ORVILLE SCHELL:Well, to some degree it does, because the world is all hooked up via the internet and many other modes of communication, but not on a mass basis, and, and this is the whole secret of the way China controls the media and the internet -- that it understands that a very small percentage of people will find ways to get information, and they accept that. But what they manage to control and really want to control is the mass consumption of news, and as long as they can do that, they don't worry that much about minor leaks in the balloon.
BROOKE GLADSTONE:So what you're saying is that China knows well how to handle its own population, but it doesn't quite know what to do with the rest of the world which it increasingly needs.
ORVILLE SCHELL: Well this is true.
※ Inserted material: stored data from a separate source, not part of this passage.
lemma borel_measurable_betti_n:
  assumes "sets P = sets (Omega d)"
  shows "(\<lambda>\<omega>. real (betti_n d q \<omega> t n)) \<in> borel_measurable P"
proof -
  let ?D = "box_cubes d (Suc n)"
  let ?T = "\<lambda>\<omega>. {R \<in> ?D. \<omega> R \<le> t}"
  have "?T \<in> measurable P (count_space (Pow ?D))"
    unfolding measurable_count_space_eq2[OF finite_Pow_iff[THEN iffD2, OF finite_box_cubes]]
  proof (intro conjI ballI)
    fix U assume "U \<in> Pow ?D"
    then have "?T -` {U} \<inter> space P = {\<omega> \<in> space P. \<forall>R\<in>?D. \<omega> R \<le> t \<longleftrightarrow> R \<in> U}"
      by auto
    also have "\<dots> \<in> sets P"
    proof (rule sets.sets_Collect_finite_All[OF _ finite_box_cubes])
      fix R assume "R \<in> ?D"
      then have "{\<omega> \<in> space P. \<omega> R \<le> t} \<in> sets P"
        by (intro sets_cube_value_le[OF assms]) (auto simp: box_cubes_def)
      then show "{\<omega> \<in> space P. \<omega> R \<le> t \<longleftrightarrow> R \<in> U} \<in> sets P"
        by (cases "R \<in> U") (auto dest: sets.sets_Collect_neg)
    qed
    finally show "?T -` {U} \<inter> space P \<in> sets P" .
  qed auto
  then have "(\<lambda>\<omega>. real (betti_of_cubes d q n (?T \<omega>))) \<in> borel_measurable P"
    by (rule measurable_compose) simp
  then show ?thesis by (simp add: betti_n_eq_betti_of_cubes)
qed

lemma integrable_betti_n:
  assumes "prob_space P" "sets P = sets (Omega d)"
  shows "integrable P (\<lambda>\<omega>. real (betti_n d q \<omega> t n))"
proof -
  interpret prob_space P by (rule assms(1))
  show ?thesis
    using betti_n_le_card_box_cubes borel_measurable_betti_n[OF assms(2)]
    by (intro integrable_const_bound[where B = "real (card (box_cubes d n))"]) auto
qed

lemma measurable_tau:
  assumes "sets P = sets (Omega d)"
  shows "tau d x \<in> measurable P P"
proof -
  have "tau d x \<in> measurable (Omega d) (Omega d)"
    unfolding tau_def Omega_def
  proof (rule measurable_restrict)
    fix Q assume "Q \<in> K d"
    then have "shift_cube d (\<lambda>i. - x i) Q \<in> K d" by (auto simp: K_def shift_cube_def)
    then show "(\<lambda>\<omega>. \<omega> (shift_cube d (\<lambda>i. - x i) Q))
        \<in> measurable (PiM (K d) (\<lambda>_. restrict_space borel {0..1::real})) (restrict_space borel {0..1})"
      by (rule measurable_component_singleton)
  qed
  then show ?thesis using measurable_cong_sets[OF assms assms] by simp
qed

definition cube_cdf :: "(cube \<Rightarrow> real) measure \<Rightarrow> cube \<Rightarrow> real \<Rightarrow> real" where
  "cube_cdf P R t = measure P {\<omega> \<in> space P. \<omega> R \<le> t}"

definition cube_at_origin :: "cube \<Rightarrow> cube" where
  "cube_at_origin R = (\<lambda>i. (0, snd (R i)))"

lemma cube_at_origin_in_box_cubes: "R \<in> K d \<Longrightarrow> cube_at_origin R \<in> box_cubes d 0"
  by (auto simp: K_def box_cubes_def cube_at_origin_def)

lemma cube_cdf_cube_at_origin:
  assumes "sets P = sets (Omega d)" "stationary d P" "R \<in> K d"
  shows "cube_cdf P R t = cube_cdf P (cube_at_origin R) t"
proof -
  define x where "x = (\<lambda>i. - fst (R i))"
  have tau: "tau d x \<in> measurable P P" by (rule measurable_tau[OF assms(1)])
  have R0: "cube_at_origin R \<in> K d"
    using cube_at_origin_in_box_cubes[OF assms(3)] by (simp add: box_cubes_def)
  have "shift_cube d (\<lambda>i. - x i) (cube_at_origin R) = R"
    using assms(3) by (auto simp: shift_cube_def x_def cube_at_origin_def K_def)
  then have "tau d x -` {\<omega> \<in> space P. \<omega> (cube_at_origin R) \<le> t} \<inter> space P
      = {\<omega> \<in> space P. \<omega> R \<le> t}"
    using measurable_space[OF tau] R0 by (auto simp: tau_def)
  then have "cube_cdf P R t = measure (distr P P (tau d x)) {\<omega> \<in> space P. \<omega> (cube_at_origin R) \<le> t}"
    using measure_distr[OF tau sets_cube_value_le[OF assms(1) R0]] by (simp add: cube_cdf_def)
  then show ?thesis using assms(2) by (simp add: stationary_def cube_cdf_def)
qed
theorem lemma5p19:
  fixes sc :: "complex \<Rightarrow> 'a::ab_group_add \<Rightarrow> 'a"
    and invol :: "'a \<Rightarrow> 'a"
    and Gam :: "('a \<times> 'a) set"
    and mul :: "'a \<Rightarrow> 'a \<Rightarrow> 'a"
    and P :: "('a \<Rightarrow> real) set"
    and B :: "'a set"
    and e :: 'a
    and M :: "('a \<Rightarrow> 'a \<Rightarrow> complex) set"
  assumes "topological_partial_star_algebra sc invol Gam mul P"
    and "semi_associative Gam mul"
    and "is_unit_elem invol Gam mul e"
    and "multiplication_core sc invol Gam mul P e B"
    and "M \<subseteq> P_B sc invol Gam mul P B"
    and "sufficient M"
  shows "is_norm_on sc (Ab_h sc invol (pos_cone mul B M) e) (norm_b sc (pos_cone mul B M) e)"
proof -
  have "partial_star_algebra sc invol Gam mul"
    using assms(1) by (simp add: topological_partial_star_algebra_def)
  then interpret core_forms sc invol mul B e M
    using assms(3-6) by (rule core_forms_of_multiplication_core)
  show ?thesis
    by (rule is_norm_on_Ab_h)
qed

end
text \<open>First-order terms: free (named) variables, bound variables (de Bruijn
indices, only occurring under a quantifier) and function applications.\<close>
datatype ('f, 'v) trm = FVar 'v | BVar nat | Fn 'f "('f, 'v) trm list"

primrec open_trm :: "nat \<Rightarrow> ('f, 'v) trm \<Rightarrow> ('f, 'v) trm \<Rightarrow> ('f, 'v) trm" where
  "open_trm k u (FVar x) = FVar x"
| "open_trm k u (BVar i) = (if i = k then u else BVar i)"
| "open_trm k u (Fn f ts) = Fn f (map (open_trm k u) ts)"

primrec fv_trm :: "('f, 'v) trm \<Rightarrow> 'v set" where
  "fv_trm (FVar x) = {x}"
| "fv_trm (BVar i) = {}"
| "fv_trm (Fn f ts) = \<Union> (set (map fv_trm ts))"

primrec bvs_trm :: "('f, 'v) trm \<Rightarrow> nat set" where
  "bvs_trm (FVar x) = {}"
| "bvs_trm (BVar i) = {i}"
| "bvs_trm (Fn f ts) = \<Union> (set (map bvs_trm ts))"

definition closed_trm :: "('f, 'v) trm \<Rightarrow> bool" where
  "closed_trm t \<longleftrightarrow> bvs_trm t = {}"

text \<open>Formulas: atoms (predicate applied to terms), \<not>_f, \<and>_U,
 \<supset>_{f,U}, \<forall>_U; the quantifier binds de Bruijn index 0.\<close>
datatype ('r, 'f, 'v, 'p) fm =
    Atom 'p "('f, 'v) trm list"
  | Neg "'r \<Rightarrow> 'r" "('r, 'f, 'v, 'p) fm"
  | Conj "'r set set" "('r, 'f, 'v, 'p) fm" "('r, 'f, 'v, 'p) fm"
  | Imp "'r \<Rightarrow> 'r" "'r set set" "('r, 'f, 'v, 'p) fm" "('r, 'f, 'v, 'p) fm"
  | Forall "'r set set" "('r, 'f, 'v, 'p) fm"

text \<open>open_fm k u A: replace bound variable k by the term u
 (this realises the capture-avoiding substitution A[u/x]).\<close>
primrec open_fm :: "nat \<Rightarrow> ('f, 'v) trm \<Rightarrow> ('r, 'f, 'v, 'p) fm \<Rightarrow> ('r, 'f, 'v, 'p) fm" where
  "open_fm k u (Atom p ts) = Atom p (map (open_trm k u) ts)"
| "open_fm k u (Neg f A) = Neg f (open_fm k u A)"
| "open_fm k u (Conj U A B) = Conj U (open_fm k u A) (open_fm k u B)"
| "open_fm k u (Imp f U A B) = Imp f U (open_fm k u A) (open_fm k u B)"
| "open_fm k u (Forall U A) = Forall U (open_fm (Suc k) u A)"

primrec fv_fm :: "('r, 'f, 'v, 'p) fm \<Rightarrow> 'v set" where
  "fv_fm (Atom p ts) = \<Union> (set (map fv_trm ts))"
| "fv_fm (Neg f A) = fv_fm A"
| "fv_fm (Conj U A B) = fv_fm A \<union> fv_fm B"
| "fv_fm (Imp f U A B) = fv_fm A \<union> fv_fm B"
| "fv_fm (Forall U A) = fv_fm A"

primrec lc_at :: "nat \<Rightarrow> ('r, 'f, 'v, 'p) fm \<Rightarrow> bool" where
  "lc_at k (Atom p ts) = (\<forall>t\<in>set ts. \<forall>i\<in>bvs_trm t. i < k)"
| "lc_at k (Neg f A) = lc_at k A"
| "lc_at k (Conj U A B) = (lc_at k A \<and> lc_at k B)"
| "lc_at k (Imp f U A B) = (lc_at k A \<and> lc_at k B)"
| "lc_at k (Forall U A) = lc_at (Suc k) A"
They, they actually have a kind of a two-track system. If you go to a big hotel in China, you can get CNN and Fox News. If you're in a, a foreign company, you get free access to the internet, and there are many ways that you can get around the firewall. So they do treat outsiders and the outside world in a different way.
BROOKE GLADSTONE:We are seeing changes in how China is dealing with the flow of information though, for instance we hear that China is going to allow the media in some limited way to cover the proceedings of the politburo meetings. That's never happened before. Is something going on?
ORVILLE SCHELL: Well, China is always teetering on the edge of a little more political reform. The party, too, is seeking new ways to gain legitimacy, because no one elected them. They understand that they are in a new kind of a world where they can't simply be isolated and have their pictures published in the People's Daily and still curry the kind of support that they need to survive as a one-party system.
BROOKE GLADSTONE: All right. Orville, thanks a lot.
ORVILLE SCHELL: It's been a pleasure.
BROOKE GLADSTONE:Orville Schell is Dean of the Graduate School of Journalism at the University of California at Berkeley. His most recent book is Mandate of Heaven, which explores how capitalism and popular culture are changing the face of China.